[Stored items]
::::::::

(* Let $G=A\star_C B$ be an amalgamated free product and let $g=x_{-r}x_{-r+1}\cdots x_0\cdots x_{r-1}x_r$ be a reduced word in $G$ with $r\ge1$, where $x_i\in A\setminus C$ for all $i\equiv r\pmod 2$ and $x_i\in B\setminus C$ otherwise. Suppose $x_{-r}$ and $x_r$ are both $2$-RF rel $C$ (in $A$), and $x_0$ is $n$-RTF rel $C$ (in its factor) for some $2\le n\le\infty$. Then $g\in G\setminus B$ is $n$-RF rel $B$.
   Context: For a group $G$, subgroup $D$, and $2\le n\le\infty$: $a\in G\setminus D$ is $n$-RF rel $D$ if $a^{e_1}d_1\cdots a^{e_k}d_k\ne\mathrm{id}$ for all $k\ge1$, $e_i\in\{\pm1\}$, $d_i\in D$ such that $d_i\ne\mathrm{id}$ whenever $e_i=-e_{i+1}$ (indices mod $k$), and fewer than $n$ of the $e_i$ are $+1$ and fewer than $n$ are $-1$. $a\in G\setminus D$ is $n$-RTF rel $D$ if $ad_1ad_2\cdots ad_k\ne\mathrm{id}$ for all $d_i\in D$ and $1\le k<n$. *)

theory Defs
  imports "HOL-Algebra.Algebra" "HOL-Library.Extended_Nat"
begin

definition mprod :: "('a, 'b) monoid_scheme \<Rightarrow> 'a list \<Rightarrow> 'a" where
  "mprod G xs = foldr (\<lambda>x acc. x \<otimes>\<^bsub>G\<^esub> acc) xs \<one>\<^bsub>G\<^esub>"

definition reduced_word :: "'a set \<Rightarrow> 'a set \<Rightarrow> 'a set \<Rightarrow> 'a list \<Rightarrow> bool" where
  "reduced_word A B C xs \<longleftrightarrow>
     (\<forall>x\<in>set xs. x \<in> (A - C) \<union> (B - C)) \<and>
     (\<forall>i. Suc i < length xs \<longrightarrow>
        \<not> ((xs!i \<in> A - C \<and> xs!Suc i \<in> A - C) \<or> (xs!i \<in> B - C \<and> xs!Suc i \<in> B - C)))"

text \<open>G is the (internal) amalgamated free product of its subgroups A and B over C:
  A and B generate G, A \<inter> B = C, and every nonempty reduced alternating word is
  nontrivial (normal form theorem characterisation).\<close>
definition amalgamated_free_product ::
  "('a, 'b) monoid_scheme \<Rightarrow> 'a set \<Rightarrow> 'a set \<Rightarrow> 'a set \<Rightarrow> bool" where
  "amalgamated_free_product G A B C \<longleftrightarrow>
     group G \<and> subgroup A G \<and> subgroup B G \<and> A \<inter> B = C \<and>
     generate G (A \<union> B) = carrier G \<and>
     (\<forall>xs. xs \<noteq> [] \<and> reduced_word A B C xs \<longrightarrow> mprod G xs \<noteq> \<one>\<^bsub>G\<^esub>)"

text \<open>The word a^{e_1} d_1 \<cdots> a^{e_k} d_k, encoded as a list of pairs (e_i, d_i),
  where e_i = True means +1 and False means -1.\<close>
definition rf_word :: "('a, 'b) monoid_scheme \<Rightarrow> 'a \<Rightarrow> (bool \<times> 'a) list \<Rightarrow> 'a" where
  "rf_word G a ps = mprod G (map (\<lambda>(e, d). (if e then a else inv\<^bsub>G\<^esub> a) \<otimes>\<^bsub>G\<^esub> d) ps)"

definition n_RF :: "('a, 'b) monoid_scheme \<Rightarrow> enat \<Rightarrow> 'a set \<Rightarrow> 'a \<Rightarrow> bool" where
  "n_RF G n D a \<longleftrightarrow> a \<in> carrier G - D \<and>
     (\<forall>ps. ps \<noteq> [] \<and> (\<forall>p\<in>set ps. snd p \<in> D) \<and>
        (\<forall>i<length ps. fst (ps!i) \<noteq> fst (ps!((i+1) mod length ps)) \<longrightarrow> snd (ps!i) \<noteq> \<one>\<^bsub>G\<^esub>) \<and>
        enat (length (filter fst ps)) < n \<and>
        enat (length (filter (\<lambda>p. \<not> fst p) ps)) < n
      \<longrightarrow> rf_word G a ps \<noteq> \<one>\<^bsub>G\<^esub>)"

definition n_RTF :: "('a, 'b) monoid_scheme \<Rightarrow> enat \<Rightarrow> 'a set \<Rightarrow> 'a \<Rightarrow> bool" where
  "n_RTF G n D a \<longleftrightarrow> a \<in> carrier G - D \<and>
     (\<forall>ds. ds \<noteq> [] \<and> set ds \<subseteq> D \<and> enat (length ds) < n
        \<longrightarrow> mprod G (map (\<lambda>d. a \<otimes>\<^bsub>G\<^esub> d) ds) \<noteq> \<one>\<^bsub>G\<^esub>)"

end

theory Submission
  imports Defs
begin

(*
  Write g = L x_0 R with L = x_{-r} ... x_{-1} and R = x_1 ... x_r, so that g^e = P_e y_e Q_e
  with y_e = x_0^e.  Conjugating a word g^{e_1} b_1 ... g^{e_k} b_k (b_i in B) by P_{e_1} turns
  it into the product of the syllables y_{e_i} J_i with junctions J_i = Q_{e_i} b_i P_{e_(i+1)},
  indices taken cyclically.  Peeling off the letters of R and L from the outside shows that each
  junction either lies in C, which 2-RF of x_{-r} and x_r rules out unless e_i = e_(i+1), or is a
  reduced word beginning and ending in the factor that does not contain x_0.  A maximal run
  y c_1 y c_2 ... y c_m y over C-junctions has fewer than n letters y, so by n-RTF of x_0 it is a
  single letter of x_0's factor outside C.  Rotating the cyclic word so that it ends at a reduced
  junction therefore exhibits it as a nonempty reduced word, which is nontrivial in the amalgam;
  if all junctions lie in C, all signs agree and the word is y c_1 ... y c_k with k < n.
*)

lemma mprod_Nil [simp]: "mprod G [] = \<one>\<^bsub>G\<^esub>"
  by (simp add: mprod_def)

lemma mprod_Cons [simp]: "mprod G (a # xs) = a \<otimes>\<^bsub>G\<^esub> mprod G xs"
  by (simp add: mprod_def)

lemma mprod_carrier_update [simp]: "mprod (G\<lparr>carrier := H\<rparr>) = mprod G"
  by (simp add: mprod_def fun_eq_iff)

lemma n_RTF_word_ne_one:
  "n_RTF G n D a \<Longrightarrow> ds \<noteq> [] \<Longrightarrow> set ds \<subseteq> D \<Longrightarrow> enat (length ds) < n
    \<Longrightarrow> mprod G (map (\<lambda>d. a \<otimes>\<^bsub>G\<^esub> d) ds) \<noteq> \<one>\<^bsub>G\<^esub>"
  by (simp add: n_RTF_def)

lemma n_RF_word_ne_one:
  assumes "n_RF G n D a" and "ps \<noteq> []" and "\<forall>p\<in>set ps. snd p \<in> D"
    and "\<forall>i<length ps. fst (ps!i) \<noteq> fst (ps!((i+1) mod length ps)) \<longrightarrow> snd (ps!i) \<noteq> \<one>\<^bsub>G\<^esub>"
    and "enat (length (filter fst ps)) < n" and "enat (length (filter (\<lambda>p. \<not> fst p) ps)) < n"
  shows "rf_word G a ps \<noteq> \<one>\<^bsub>G\<^esub>"
  using assms unfolding n_RF_def by blast

context group
begin

lemma inv_mem_subgroup_iff: "subgroup H G \<Longrightarrow> y \<in> carrier G \<Longrightarrow> inv y \<in> H \<longleftrightarrow> y \<in> H"
  by (metis inv_inv subgroup.m_inv_closed)

lemma mprod_closed [intro, simp]: "set xs \<subseteq> carrier G \<Longrightarrow> mprod G xs \<in> carrier G"
  by (induction xs) auto

lemma mprod_append:
  "set xs \<subseteq> carrier G \<Longrightarrow> set ys \<subseteq> carrier G \<Longrightarrow> mprod G (xs @ ys) = mprod G xs \<otimes> mprod G ys"
  by (induction xs) (auto simp: m_assoc)

lemma mprod_in_subgroup: "subgroup H G \<Longrightarrow> set xs \<subseteq> H \<Longrightarrow> mprod G xs \<in> H"
  by (induction xs) (auto intro: subgroup.m_closed subgroup.one_closed)

lemma inv_mprod: "set xs \<subseteq> carrier G \<Longrightarrow> inv (mprod G xs) = mprod G (rev (map (m_inv G) xs))"
proof (induction xs)
  case (Cons a xs)
  then have "set (rev (map (m_inv G) xs)) \<subseteq> carrier G"
    by auto
  with Cons show ?case
    by (simp add: mprod_append inv_mult_group)
qed simp

lemma mprod_rotate_eq_one:
  assumes "set xs \<subseteq> carrier G"
  shows "mprod G (rotate m xs) = \<one> \<longleftrightarrow> mprod G xs = \<one>"
proof -
  let ?k = "m mod length xs"
  have closed: "set (take ?k xs) \<subseteq> carrier G" "set (drop ?k xs) \<subseteq> carrier G"
    using assms by (auto dest: in_set_takeD in_set_dropD)
  then have "mprod G (drop ?k xs) \<otimes> mprod G (take ?k xs) = \<one>
      \<longleftrightarrow> mprod G (take ?k xs) \<otimes> mprod G (drop ?k xs) = \<one>"
    using inv_comm by blast
  also have "mprod G (take ?k xs) \<otimes> mprod G (drop ?k xs) = mprod G xs"
    using closed by (simp flip: mprod_append)
  finally show ?thesis
    using closed by (simp add: rotate_drop_take mprod_append)
qed

lemma mprod_telescope:
  assumes "\<And>i. i \<le> m \<Longrightarrow> p i \<in> carrier G" and "\<And>i. i < m \<Longrightarrow> u i \<in> carrier G"
  shows "mprod G (map (\<lambda>i. p i \<otimes> u i) [0..<m]) \<otimes> p m
       = p 0 \<otimes> mprod G (map (\<lambda>i. u i \<otimes> p (Suc i)) [0..<m])"
  using assms
proof (induction m)
  case (Suc m)
  have closed: "set (map (\<lambda>i. p i \<otimes> u i) [0..<m]) \<subseteq> carrier G"
    "set (map (\<lambda>i. u i \<otimes> p (Suc i)) [0..<m]) \<subseteq> carrier G"
    "p m \<in> carrier G" "u m \<in> carrier G" "p (Suc m) \<in> carrier G" "p 0 \<in> carrier G"
    using Suc.prems by auto
  have "mprod G (map (\<lambda>i. p i \<otimes> u i) [0..<Suc m]) \<otimes> p (Suc m)
      = (mprod G (map (\<lambda>i. p i \<otimes> u i) [0..<m]) \<otimes> p m) \<otimes> (u m \<otimes> p (Suc m))"
    using closed by (simp add: mprod_append m_assoc)
  also have "\<dots> = p 0 \<otimes> (mprod G (map (\<lambda>i. u i \<otimes> p (Suc i)) [0..<m]) \<otimes> (u m \<otimes> p (Suc m)))"
    using Suc closed by (simp add: m_assoc)
  also have "\<dots> = p 0 \<otimes> mprod G (map (\<lambda>i. u i \<otimes> p (Suc i)) [0..<Suc m])"
    using closed by (simp add: mprod_append)
  finally show ?case .
qed simp

lemma mprod_shift:
  assumes "a \<in> carrier G" and "f ` set xs \<subseteq> carrier G"
  shows "a \<otimes> mprod G (map (\<lambda>d. f d \<otimes> a) xs) = mprod G (map (\<lambda>d. a \<otimes> f d) xs) \<otimes> a"
  using assms(2)
proof (induction xs)
  case (Cons d xs)
  then have "set (map (\<lambda>d. f d \<otimes> a) xs) \<subseteq> carrier G" "set (map (\<lambda>d. a \<otimes> f d) xs) \<subseteq> carrier G"
    "f d \<in> carrier G"
    using assms(1) by auto
  with Cons assms(1) show ?case
    by (simp add: m_assoc)
qed (simp add: assms)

::::::::

**Exercise aim**
All lines of the records above that carry the word "case" should be listed.

**Exercise response**
  case (Cons a xs)
  with Cons show ?case
  case (Suc m)
  finally show ?case .
  case (Cons d xs)
  with Cons assms(1) show ?case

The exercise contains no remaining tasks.